“是嗎,等我們先調查。”
沒有在乎地上暈厥的賈家祖孫,很快樓蘭就給傻柱作了證。
“這孩子估計受傷比較嚴重,小姑娘你下手有點狠啊。家長呢,趕緊先送孩子去醫院,等傷好後來派出所等著判刑。”
小茹子回家換了件衣服,這才出來哭哭啼啼的告狀李家兄妹毆打她兒子和婆婆的事。
“公安同志,我兒子才九歲被打成這樣你們就不管嗎。”
“嫌犯家屬,你兒子是先拿著擀麵杖來打的別人,還不允許還手了嗎,沒這種道理。”
“給你們幾人定成互毆吧,這還沒追究三個打一個的事。”
一盆水潑醒了賈張氏,二話不說給上了銬子。老虔婆剛撒潑幾句說什麼公安亂抓人又捱了兩警棍,老老實實的被抓走了。

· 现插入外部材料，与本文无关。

locale feasible_trajectory = tumour_model +
  fixes D S R :: "real \<Rightarrow> real" and T :: real
  assumes feasible: "feasible D S R T"
begin

lemma T_nonneg: "0 \<le> T" and solution: "solution_on D S R 0 T"
  and S_0: "S 0 = s0 * K" and R_0: "R 0 = r0 * K" and N_T: "S T + R T = \<Theta>"
  and N_below: "t \<in> {0..<T} \<Longrightarrow> S t + R t < \<Theta>"
  using feasible by (simp_all add: feasible_iff)

lemma N_0_less: "S 0 + R 0 < \<Theta>"
proof -
  have "0 < \<epsilon> * ((s0 + r0) * K)" using \<epsilon>_pos s0_pos r0_pos K_pos by simp
  then show ?thesis by (simp add: S_0 R_0 algebra_simps)
qed

lemma T_pos: "0 < T"
  using N_0_less N_T T_nonneg by (cases "T = 0") auto

lemma S_pos: "t \<in> {0..T} \<Longrightarrow> 0 < S t" and R_pos: "t \<in> {0..T} \<Longrightarrow> 0 < R t"
  using solution_pos[OF solution] S_0 R_0 s0_pos r0_pos K_pos by simp_all

lemma \<Theta>_less_K: "\<Theta> < K"
proof -
  have "S 0 + R 0 < K" using n0_less_1 K_pos by (simp add: S_0 R_0 flip: distrib_right)
  have "S T + R T < K"
    by (rule solution_below_K[OF solution]) (use S_pos R_pos T_nonneg \<open>S 0 + R 0 < K\<close> in auto)
  then show ?thesis using N_T by simp
qed

lemma N_le_\<Theta>: "t \<in> {0..T} \<Longrightarrow> S t + R t \<le> \<Theta>"
  using N_below N_T by (cases "t = T") (auto intro: less_imp_le)

lemma N_rate_le_nodrug_along:
  assumes "t \<in> {0..T}"
  shows "N_rate (D t) (S t) (R t) \<le> N_rate 0 (S t) (R t)"
proof (rule N_rate_le_nodrug)
  show "0 \<le> D t" using solution assms by (simp add: solution_on_def)
  show "0 \<le> S t" using S_pos[OF assms] by simp
  show "S t + R t \<le> K" using N_le_\<Theta>[OF assms] \<Theta>_less_K by simp
qed

lemma continuous_on_N_rate: "continuous_on {0..T} (\<lambda>t. N_rate d (S t) (R t))"
  using solution K_pos D0_pos unfolding solution_on_def N_rate_def rhsS_def rhsR_def
  by (auto intro!: continuous_intros)

lemma frequently_nodrug_growth: "\<exists>\<^sub>F t in at_left T. 0 \<le> N_rate 0 (S t) (R t)"
proof (rule ccontr)
  assume "\<not> ?thesis"
  then have "\<forall>\<^sub>F t in at_left T. N_rate 0 (S t) (R t) < 0"
    by (simp add: not_frequently not_le)
  moreover have "\<forall>\<^sub>F t in at_left T. 0 < t"
    using eventually_at_left_real[OF T_pos] by (rule eventually_mono) simp
  ultimately have ev: "\<forall>\<^sub>F t in at_left T. 0 < t \<and> N_rate 0 (S t) (R t) \<le> 0"
    by eventually_elim auto
  then obtain b where "b < T" and b: "\<And>t. b < t \<Longrightarrow> t < T \<Longrightarrow> 0 < t \<and> N_rate 0 (S t) (R t) \<le> 0"
    by (auto simp: eventually_at_left_field)
  define c where "c = (b + T) / 2"
  have c: "0 < c" "c < T" using b[of c] \<open>b < T\<close> by (auto simp: c_def)
  have "N_rate 0 (S T) (R T) \<le> 0"
    by (rule tendsto_upperbound[OF continuous_on_Icc_at_leftD[OF continuous_on_N_rate T_pos]])
      (use ev in \<open>auto elim: eventually_mono\<close>)
  then have nonpos: "N_rate 0 (S t) (R t) \<le> 0" if "t \<in> {c..T}" for t
    using b[of t] that \<open>b < T\<close> by (cases "t = T") (auto simp: c_def)
  have "((\<lambda>t. N_rate (D t) (S t) (R t)) has_integral (S T + R T) - (S c + R c)) {c..T}"
    using c by (intro N_has_integral[OF solution]) auto
  then have "(S T + R T) - (S c + R c) \<le> 0"
    by (rule has_integral_le[OF _ has_integral_0])
      (use c N_rate_le_nodrug_along nonpos in \<open>fastforce\<close>)
  then show False using N_below[of c] N_T c by auto
qed

lemma nodrug_growth_at_end: "0 \<le> N_rate 0 (S T) (R T)"
proof (rule ccontr)
  assume "\<not> ?thesis"
  then have "\<forall>\<^sub>F t in at_left T. N_rate 0 (S t) (R t) < 0"
    by (intro order_tendstoD(2)[OF continuous_on_Icc_at_leftD[OF continuous_on_N_rate T_pos]]) simp
  then have "\<forall>\<^sub>F t in at_left T. \<not> 0 \<le> N_rate 0 (S t) (R t)"
    by (rule eventually_mono) simp
  then show False using frequently_nodrug_growth by (simp add: frequently_def)
qed

lemma nondegenerate: "per_capita_R \<Theta> \<noteq> 0 \<or> per_capita_S 0 \<Theta> \<noteq> 0"
proof (rule ccontr)
  assume "\<not> ?thesis"
  then have equilibrium: "per_capita_R \<Theta> = 0" "per_capita_S 0 \<Theta> = 0" by simp_all
  \<comment> \<open>Then \<open>\<Theta>\<close> is an equilibrium level of \<open>N\<close> without drug, which \<open>N\<close> cannot reach in finite time.\<close>
  define u where "u t = \<Theta> - (S t + R t)" for t
  have nodrug: "N_rate 0 (S t) (R t) = (rS * S t + rR * R t) / K * u t" for t
    unfolding u_def by (rule N_rate_nodrug_near_equilibrium[OF equilibrium])
  have cont_u: "continuous_on {0..T} u"
    using solution unfolding u_def solution_on_def by (auto intro!: continuous_intros)
  have "compact ((\<lambda>t. (rS * S t + rR * R t) / K) ` {0..T})"
    using solution K_pos unfolding solution_on_def
    by (intro compact_continuous_image continuous_intros) auto
  then obtain M where M: "\<forall>t\<in>{0..T}. \<bar>(rS * S t + rR * R t) / K\<bar> \<le> M"
    by (auto dest!: compact_imp_bounded simp: bounded_real)
  have u_nonneg: "0 \<le> u t" if "t \<in> {0..T}" for t using N_le_\<Theta>[OF that] by (simp add: u_def)
  have "u t = 0" if "t \<in> {0..T}" for t
  proof (rule backward_gronwall_zero[OF cont_u u_nonneg _ _ that])
    show "0 \<le> M" using M T_nonneg by (meson abs_ge_zero atLeastAtMost_iff order.trans order_refl)
    fix t assume t: "t \<in> {0..T}"
    have "((\<lambda>x. N_rate (D x) (S x) (R x)) has_integral u t) {t..T}"
      using N_has_integral[OF solution, of t T] t N_T by (simp add: u_def)
    moreover have "((\<lambda>x. M * u x) has_integral M * integral {t..T} u) {t..T}"
      using t by (intro has_integral_mult_right integrable_integral integrable_continuous_real
          continuous_on_subset[OF cont_u]) auto
    moreover have "N_rate (D x) (S x) (R x) \<le> M * u x" if "x \<in> {t..T}" for x
    proof -
      have x: "x \<in> {0..T}" using that t by auto
      have "(rS * S x + rR * R x) / K * u x \<le> M * u x"
        using abs_le_D1[OF M[rule_format, OF x]] u_nonneg[OF x] by (rule mult_right_mono)
      then show ?thesis using N_rate_le_nodrug_along[OF x] nodrug[of x] by simp
    qed
    ultimately show "u t \<le> M * integral {t..T} u" by (rule has_integral_le)
  qed
  then have "u 0 = 0" using T_nonneg by simp
  then show False using N_0_less by (simp add: u_def)
qed

lemma max_dose_decline_at_end:
  assumes "rR * R T \<le> (\<gamma> * Dmax / D0 - 1) * rS * S T"
  shows "N_rate Dmax (S T) (R T) < 0"
proof -
  have "N_rate Dmax s r = (1 - n / K) * (rR * r - (\<gamma> * Dmax / D0 - 1) * rS * s) - dS * s - dR * r"
    if "s + r = n" for s r n
    using that D0_pos K_pos by (simp add: N_rate_eq per_capita_S_def per_capita_R_def field_simps)
  then have "N_rate Dmax (S T) (R T) =
      (1 - \<Theta> / K) * (rR * R T - (\<gamma> * Dmax / D0 - 1) * rS * S T) - dS * S T - dR * R T"
    using N_T by blast
  moreover have "(1 - \<Theta> / K) * (rR * R T - (\<gamma> * Dmax / D0 - 1) * rS * S T) \<le> 0"
    using assms \<Theta>_less_K K_pos by (intro mult_nonneg_nonpos) (auto simp: field_simps)
  moreover have "0 < dS * S T" "0 < dR * R T"
    using S_pos R_pos T_nonneg dS_pos dR_pos by auto
  ultimately show ?thesis by linarith
qed

lemma solution_by_hold_and_ramp:
  assumes t1: "t1 \<in> {0..<T}" and "0 < \<tau>" "0 < \<sigma>"
    and L: "L = S t1 + R t1" and Rh: "Rh = ramp_R L 0 (R t1) \<tau>"
    and start: "N_rate Dmax (S t1) (R t1) \<le> 0" "0 \<le> N_rate 0 (S t1) (R t1)"
    and hold_end: "0 < L - Rh" "N_rate Dmax (L - Rh) Rh \<le> 0" "0 \<le> N_rate 0 (L - Rh) Rh"
    and ramp: "\<And>u. u \<in> {0..(\<Theta> - L) / \<sigma>} \<Longrightarrow> ramp_admissible L \<sigma> Rh u"
  obtains D' S' R' where "solution_on D' S' R' 0 (t1 + \<tau> + (\<Theta> - L) / \<sigma>)"
    "\<And>t. t \<le> t1 \<Longrightarrow> S' t = S t \<and> R' t = R t"
    "\<And>t. t1 < t \<Longrightarrow> t \<le> t1 + \<tau> \<Longrightarrow> S' t + R' t = L"
    "\<And>t. t1 + \<tau> < t \<Longrightarrow> S' t + R' t = L + \<sigma> * (t - (t1 + \<tau>))"
proof -
  define t2 where "t2 = t1 + \<tau>"
  define Tp where "Tp = t2 + (\<Theta> - L) / \<sigma>"
  have t1_in: "t1 \<in> {0..T}" using t1 by simp
  have L_minus_R: "L - R t1 = S t1" using L by simp
  have "R t1 < L" using L S_pos[OF t1_in] by simp
  have "L < \<Theta>" using N_below[OF t1] L by simp
  then have "0 < (\<Theta> - L) / \<sigma>" "L < K" using \<open>0 < \<sigma>\<close> \<Theta>_less_K by auto
  have sol_hold: "solution_on (\<lambda>t. ramp_dose L 0 (R t1) (t - t1)) (\<lambda>t. ramp_S L 0 (R t1) (t - t1))
      (\<lambda>t. ramp_R L 0 (R t1) (t - t1)) t1 t2"
    unfolding t2_def
    using \<open>0 < \<tau>\<close> \<open>L < K\<close> R_pos[OF t1_in] start hold_end \<open>R t1 < L\<close>
    by (intro hold_solution) (auto simp: L_minus_R Rh[symmetric])
  have sol_ramp: "solution_on (\<lambda>t. ramp_dose L \<sigma> Rh (t - t2)) (\<lambda>t. ramp_S L \<sigma> Rh (t - t2))
      (\<lambda>t. ramp_R L \<sigma> Rh (t - t2)) t2 Tp"
  proof (rule ramp_solution)
    fix u assume u: "u \<in> {0..Tp - t2}"
    then have "\<sigma> * u \<le> \<Theta> - L" using \<open>0 < \<sigma>\<close> by (simp add: Tp_def field_simps)
    then show "L + \<sigma> * u < K \<and> ramp_admissible L \<sigma> Rh u"
      using ramp[of u] u \<Theta>_less_K by (simp add: Tp_def)
  qed (use \<open>0 < (\<Theta> - L) / \<sigma>\<close> in \<open>simp add: Tp_def\<close>)
  define D' where "D' t = (if t \<le> t2 then if t \<le> t1 then D t else ramp_dose L 0 (R t1) (t - t1)
      else ramp_dose L \<sigma> Rh (t - t2))" for t
  define S' where "S' t = (if t \<le> t2 then if t \<le> t1 then S t else ramp_S L 0 (R t1) (t - t1)
      else ramp_S L \<sigma> Rh (t - t2))" for t
  define R' where "R' t = (if t \<le> t2 then if t \<le> t1 then R t else ramp_R L 0 (R t1) (t - t1)
      else ramp_R L \<sigma> Rh (t - t2))" for t
  have "solution_on D' S' R' 0 Tp"
    unfolding D'_def S'_def R'_def
    by (rule solution_on_glue[OF solution_on_glue[OF solution_on_restrict[OF solution] sol_hold] sol_ramp])
      (use t1 \<open>0 < \<tau>\<close> \<open>0 < (\<Theta> - L) / \<sigma>\<close> in \<open>auto simp: t2_def Tp_def L Rh ramp_S_def\<close>)
  show thesis
  proof (rule that)
    show "solution_on D' S' R' 0 (t1 + \<tau> + (\<Theta> - L) / \<sigma>)"
      using \<open>solution_on D' S' R' 0 Tp\<close> by (simp add: Tp_def t2_def)
  qed (use \<open>0 < \<tau>\<close> in \<open>auto simp: S'_def R'_def ramp_N t2_def\<close>)
qed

棒梗被秦淮茹再一次送去了醫院,還借用前臺的電話打給了紅星軋鋼廠讓賈東旭提前回來。
無能的丈夫賈東旭聽說兒子被打暈,老母親被抓拉著易中海風風火火的趕了回來,這把老絕戶弄得有點不爽。
你家每次出事都找老子,真是服了。
“東旭,你跟我仔細說說出什麼事了。”
易中海邊跑邊說。
“師父,我媽被公安抓了,是傻柱報的案。棒梗被李家的賠錢貨打成重傷還不知道會怎麼樣,淮茹在電話裡就說了這麼多。”
老絕戶差點氣死,“東旭你自己都沒弄清楚發什麼什麼就拉著我回來,還有一個來小時下班了就不能等等嗎!”
“哪怕知會一聲,等下班後我自然會去找柱子打聽情況。”
說話間兩人都跑出了軋鋼廠,易中海無奈的只能跟上。
“師父,傻柱這個狗東西必須賠錢,還要給我家帶飯盒,不然我肯定饒不了他!”
賈東旭根本不接茬,一個勁的攛掇易中海收拾傻柱。
老易心裡鄙夷,賈東旭可能是餓懵逼了腦子不好使,這是什麼狗話。
“東旭,不用說肯定是你媽手腳不乾淨或者在何家搞破壞來著,不然公安會抓人嗎,派出所又不是柱子開的。”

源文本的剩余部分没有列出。